» **Task brief**: Among the records below, find the lines that contain "unitv" and copy each of them.

Saved entries
(* In the setting below, the vector $1\otimes e^{\lambda_1}\in V^{\Lambda_1}$ is a highest weight vector of type $Vir(\tfrac45,\tfrac1{15})\otimes W^{\Omega_4}$, i.e. it satisfies (HW1)–(HW5) with $h=1/15$ and $\omega_j=\omega_4$.
   Context: Setting. $Q$ is the $E_6$ root lattice with simple roots $\alpha_1,\dots,\alpha_6$ (Dynkin chain $\alpha_1-\alpha_3-\alpha_4-\alpha_5-\alpha_6$, $\alpha_2$ attached to $\alpha_4$), form from the Cartan matrix, fundamental weights $\lambda_i$, $P=\bigoplus\mathbb Z\lambda_i$, $\mathfrak h=\mathbb C\otimes P$. $\varepsilon$ bimultiplicative on $P$ with $[\varepsilon(\lambda_i,\lambda_j)]$ rows $(1,1,1,1,1,1)$, $(-1,1,1,1,1,-1)$, $(-1,1,1,1,1,1)$, $(1,-1,1,1,1,1)$, $(1,1,1,1,1,-1)$, $(1,1,1,1,1,1)$. $V_P=S(\hat{\mathfrak h}^-)\otimes\mathbb C[P]$ with Heisenberg operators $h(n)$ ($[h(m),h'(n)]=m\langle h,h'\rangle\delta_{m+n,0}$, $h(n)1=0$ for $n>0$, $h(0)(u\otimes e^\beta)=\langle h,\beta\rangle u\otimes e^\beta$). For $\alpha\in Q$, acting on $V_P$: $Y(1\otimes e^\alpha,z)=\exp(\sum_{k\ge1}\frac{\alpha(-k)}kz^k)\exp(-\sum_{k\ge1}\frac{\alpha(k)}kz^{-k})e_\alpha z^{\alpha(0)}=\sum_n\{1\otimes e^\alpha\}_nz^{-n-1}$, $e_\alpha(u\otimes e^\beta)=\varepsilon(\alpha,\beta)u\otimes e^{\alpha+\beta}$, $z^{\alpha(0)}(u\otimes e^\beta)=z^{\langle\alpha,\beta\rangle}u\otimes e^\beta$; $Y(h_1(-1)\cdots h_k(-1)\otimes e^\alpha,z)=\,:h_1(z)\cdots h_k(z)Y(1\otimes e^\alpha,z):$, $h(z)=\sum_nh(n)z^{-n-1}$. $V^{\Lambda_1}$ is the subspace spanned by $S(\hat{\mathfrak h}^-)\otimes e^\nu$, $\nu\in\lambda_1+Q$. $\tau$: $\alpha_1\leftrightarrow\alpha_6$, $\alpha_3\leftrightarrow\alpha_5$ (so $\lambda_1\leftrightarrow\lambda_6$, $\lambda_3\leftrightarrow\lambda_5$); $\mathrm{Proj}(\nu)=(\nu+\tau\nu)/2$. $\theta=\alpha_1+2\alpha_2+2\alpha_3+3\alpha_4+2\alpha_5+\alpha_6$. Raising operators of $\tilde{\mathfrak a}$ ($F_4^{(1)}$): $\{\beta_1\}_0=\{1\otimes e^{\alpha_2}\}_0$, $\{\beta_2\}_0=\{1\otimes e^{\alpha_4}\}_0$, $\{\beta_3\}_0=\{1\otimes e^{\alpha_3}\}_0+\{1\otimes e^{\alpha_5}\}_0$, $\{\beta_4\}_0=\{1\otimes e^{\alpha_1}\}_0+\{1\otimes e^{\alpha_6}\}_0$, $\{1\otimes e^{-\theta}\}_1$. Coset conformal vector $\omega=\frac1{10}[(-\lambda_1+\lambda_6)(-1)^2+(\lambda_3-\lambda_5)(-1)^2+(\lambda_1-\lambda_3+\lambda_5-\lambda_6)(-1)^2]\otimes e^0+\frac15(-1\otimes e^{\pm\gamma_1}-1\otimes e^{\pm\gamma_2}+1\otimes e^{\pm\gamma_3})$, $\gamma_1=\alpha_1-\alpha_6$, $\gamma_2=\alpha_3-\alpha_5$, $\gamma_3=\gamma_1+\gamma_2$, $1\otimes e^{\pm\gamma}:=1\otimes e^\gamma+1\otimes e^{-\gamma}$; $L(n)=\{\omega\}_{n+1}$ on $V_P$ (Virasoro, $c=4/5$, commuting with $\tilde{\mathfrak a}$). $\omega_4=\frac{\lambda_1+\lambda_6}2$, $\Omega_4$ the level one $F_4^{(1)}$ weight with finite part $\omega_4$, $W^{\Omega_4}$ its irreducible module. A nonzero $v$ is a highest weight vector of type $Vir(\frac45,h)\otimes W^{\Omega_j}$ if (HW1) $\{1\otimes e^{-\theta}\}_1v=0$; (HW2) $\{\beta_i\}_0v=0$, $i=1,\dots,4$; (HW3) $L(1)v=L(2)v=0$; (HW4) $L(0)v=hv$; (HW5) $v\in\bigoplus_kS(\hat{\mathfrak h}^-)\otimes e^{\nu_k}$ with $\mathrm{Proj}(\nu_k)=\omega_j$. *)

theory Defs
  imports Complex_Main "HOL-Library.Multiset" "HOL-Library.Groups_Big_Fun" "HOL-Library.Function_Algebras"
begin

datatype idx = I1 | I2 | I3 | I4 | I5 | I6

lemma UNIV_idx: "(UNIV :: idx set) = {I1,I2,I3,I4,I5,I6}"
  using idx.exhaust by auto

instance idx :: finite
  by standard (simp add: UNIV_idx)

text \<open>Conventions.
  lat: element of P, written in the basis of fundamental weights lambda_i (integer coordinates).
  rt:  element of Q, written in the basis of simple roots alpha_i (integer coordinates).
  hv:  element of h = C (x) P, written in the basis alpha_i (complex coordinates).
  A monomial of S(h^-) is a multiset of pairs (i,m), the pair (i,m) standing for alpha_i(-(m+1)).
  A vector of V_P is a coefficient function on the basis (monomial) (x) e^beta.\<close>

type_synonym lat = "idx \<Rightarrow> int"
type_synonym rt = "idx \<Rightarrow> int"
type_synonym hv = "idx \<Rightarrow> complex"
type_synonym mono = "(idx \<times> nat) multiset"
type_synonym V = "mono \<times> lat \<Rightarrow> complex"

definition adj :: "idx \<Rightarrow> idx \<Rightarrow> bool" where
  "adj i j \<longleftrightarrow> (i,j) \<in> {(I1,I3),(I3,I4),(I4,I5),(I5,I6),(I2,I4)} \<or> (j,i) \<in> {(I1,I3),(I3,I4),(I4,I5),(I5,I6),(I2,I4)}"

text \<open>Cartan matrix of E6: entry (i,j) is the form value on alpha_i, alpha_j.\<close>
definition cartan :: "idx \<Rightarrow> idx \<Rightarrow> int" where
  "cartan i j = (if i = j then 2 else if adj i j then -1 else 0)"

definition unitv :: "idx \<Rightarrow> idx \<Rightarrow> int" where
  "unitv i = (\<lambda>j. if j = i then 1 else 0)"

abbreviation sroot :: "idx \<Rightarrow> rt" where "sroot i \<equiv> unitv i"
abbreviation fwt :: "idx \<Rightarrow> lat" where "fwt i \<equiv> unitv i"

text \<open>element of Q as element of P (lambda-coordinates): alpha_i = sum_j A_ij lambda_j\<close>
definition rlat :: "rt \<Rightarrow> lat" where
  "rlat q = (\<lambda>j. \<Sum>i\<in>UNIV. q i * cartan i j)"

definition rh :: "rt \<Rightarrow> hv" where
  "rh q = (\<lambda>i. of_int (q i))"

definition pairQP :: "rt \<Rightarrow> lat \<Rightarrow> int" where
  "pairQP q \<beta> = (\<Sum>i\<in>UNIV. q i * \<beta> i)"

text \<open>fundamental weights as elements of h in alpha-coordinates (inverse Cartan matrix of E6)\<close>
definition fwtab :: "idx \<Rightarrow> idx \<Rightarrow> rat" where
  "fwtab i j = (case i of
      I1 \<Rightarrow> (case j of I1 \<Rightarrow> 4/3 | I2 \<Rightarrow> 1 | I3 \<Rightarrow> 5/3 | I4 \<Rightarrow> 2 | I5 \<Rightarrow> 4/3 | I6 \<Rightarrow> 2/3)
    | I2 \<Rightarrow> (case j of I1 \<Rightarrow> 1 | I2 \<Rightarrow> 2 | I3 \<Rightarrow> 2 | I4 \<Rightarrow> 3 | I5 \<Rightarrow> 2 | I6 \<Rightarrow> 1)
    | I3 \<Rightarrow> (case j of I1 \<Rightarrow> 5/3 | I2 \<Rightarrow> 2 | I3 \<Rightarrow> 10/3 | I4 \<Rightarrow> 4 | I5 \<Rightarrow> 8/3 | I6 \<Rightarrow> 4/3)
    | I4 \<Rightarrow> (case j of I1 \<Rightarrow> 2 | I2 \<Rightarrow> 3 | I3 \<Rightarrow> 4 | I4 \<Rightarrow> 6 | I5 \<Rightarrow> 4 | I6 \<Rightarrow> 2)
    | I5 \<Rightarrow> (case j of I1 \<Rightarrow> 4/3 | I2 \<Rightarrow> 2 | I3 \<Rightarrow> 8/3 | I4 \<Rightarrow> 4 | I5 \<Rightarrow> 10/3 | I6 \<Rightarrow> 5/3)
    | I6 \<Rightarrow> (case j of I1 \<Rightarrow> 2/3 | I2 \<Rightarrow> 1 | I3 \<Rightarrow> 4/3 | I4 \<Rightarrow> 2 | I5 \<Rightarrow> 5/3 | I6 \<Rightarrow> 4/3))"

definition fwh :: "idx \<Rightarrow> hv" where
  "fwh i = (\<lambda>j. of_rat (fwtab i j))"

» **Solution below**:
definition unitv :: "idx \<Rightarrow> idx \<Rightarrow> int" where
  "unitv i = (\<lambda>j. if j = i then 1 else 0)"
abbreviation sroot :: "idx \<Rightarrow> rt" where "sroot i \<equiv> unitv i"
abbreviation fwt :: "idx \<Rightarrow> lat" where "fwt i \<equiv> unitv i"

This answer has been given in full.